*** MATERIAL FOR THE TASK Section Begins ***

(* Let $\mathcal D$ be universal, $\mathrm M=(M,d)\in\mathfrak U_{\mathcal D}$, and let $r\in\mathcal D$, $r>0$, be such that no element of $\mathcal D$ lies in the interval $(r,2r]$. Then the relation $x\sim_r y\iff d(x,y)\le r$ is an equivalence relation on $M$, and for any two distinct $\sim_r$-classes $A\ne B$, any $a\in A$ and any $n\in d(A,B)$: (1) $n>2r$; (2) there exists $b\in B$ with $d(a,b)=n$; (3) $d_{\max}(A,B)-d_{\min}(A,B)\le r$.
   Context: $\mathcal D$ is a finite subset of $\mathbb R_{\ge0}$ containing $0$. $\mathfrak U_{\mathcal D}$ is the class of countable homogeneous metric spaces (every isometry between finite subspaces extends to an isometry of the space onto itself) with distance set exactly $\mathcal D$ into which every finite metric space with distances in $\mathcal D$ embeds isometrically; $\mathcal D$ is universal if this class is nonempty. For subsets $A,B\subseteq M$: $d(A,B)=\{d(a,b):a\in A,b\in B\}$, $d_{\min}(A,B)=\min d(A,B)$, $d_{\max}(A,B)=\max d(A,B)$. *)

theory Defs
  imports Complex_Main "HOL-Library.Countable_Set"
begin

definition metric_on :: "'a set \<Rightarrow> ('a \<Rightarrow> 'a \<Rightarrow> real) \<Rightarrow> bool" where
  "metric_on M d \<longleftrightarrow>
     (\<forall>x\<in>M. \<forall>y\<in>M. 0 \<le> d x y \<and> (d x y = 0 \<longleftrightarrow> x = y) \<and> d x y = d y x) \<and>
     (\<forall>x\<in>M. \<forall>y\<in>M. \<forall>z\<in>M. d x z \<le> d x y + d y z)"

definition dist_set :: "'a set \<Rightarrow> ('a \<Rightarrow> 'a \<Rightarrow> real) \<Rightarrow> real set" where
  "dist_set M d = {d x y | x y. x \<in> M \<and> y \<in> M}"

definition dAB :: "('a \<Rightarrow> 'a \<Rightarrow> real) \<Rightarrow> 'a set \<Rightarrow> 'a set \<Rightarrow> real set" where
  "dAB d A B = {d a b | a b. a \<in> A \<and> b \<in> B}"

definition homogeneous :: "'a set \<Rightarrow> ('a \<Rightarrow> 'a \<Rightarrow> real) \<Rightarrow> bool" where
  "homogeneous M d \<longleftrightarrow>
     (\<forall>F f. finite F \<and> F \<subseteq> M \<and> f ` F \<subseteq> M \<and> (\<forall>x\<in>F. \<forall>y\<in>F. d (f x) (f y) = d x y) \<longrightarrow>
        (\<exists>g. bij_betw g M M \<and> (\<forall>x\<in>M. \<forall>y\<in>M. d (g x) (g y) = d x y) \<and> (\<forall>x\<in>F. g x = f x)))"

*** MATERIAL FOR THE TASK Section Ends ***

YOUR GOAL
The line containing "a b. a \<in>" and all lines after it, to the end of the records, are to be output exactly and alone.

YOUR SOLUTION
  "dAB d A B = {d a b | a b. a \<in> A \<and> b \<in> B}"

definition homogeneous :: "'a set \<Rightarrow> ('a \<Rightarrow> 'a \<Rightarrow> real) \<Rightarrow> bool" where
  "homogeneous M d \<longleftrightarrow>
     (\<forall>F f. finite F \<and> F \<subseteq> M \<and> f ` F \<subseteq> M \<and> (\<forall>x\<in>F. \<forall>y\<in>F. d (f x) (f y) = d x y) \<longrightarrow>
        (\<exists>g. bij_betw g M M \<and> (\<forall>x\<in>M. \<forall>y\<in>M. d (g x) (g y) = d x y) \<and> (\<forall>x\<in>F. g x = f x)))"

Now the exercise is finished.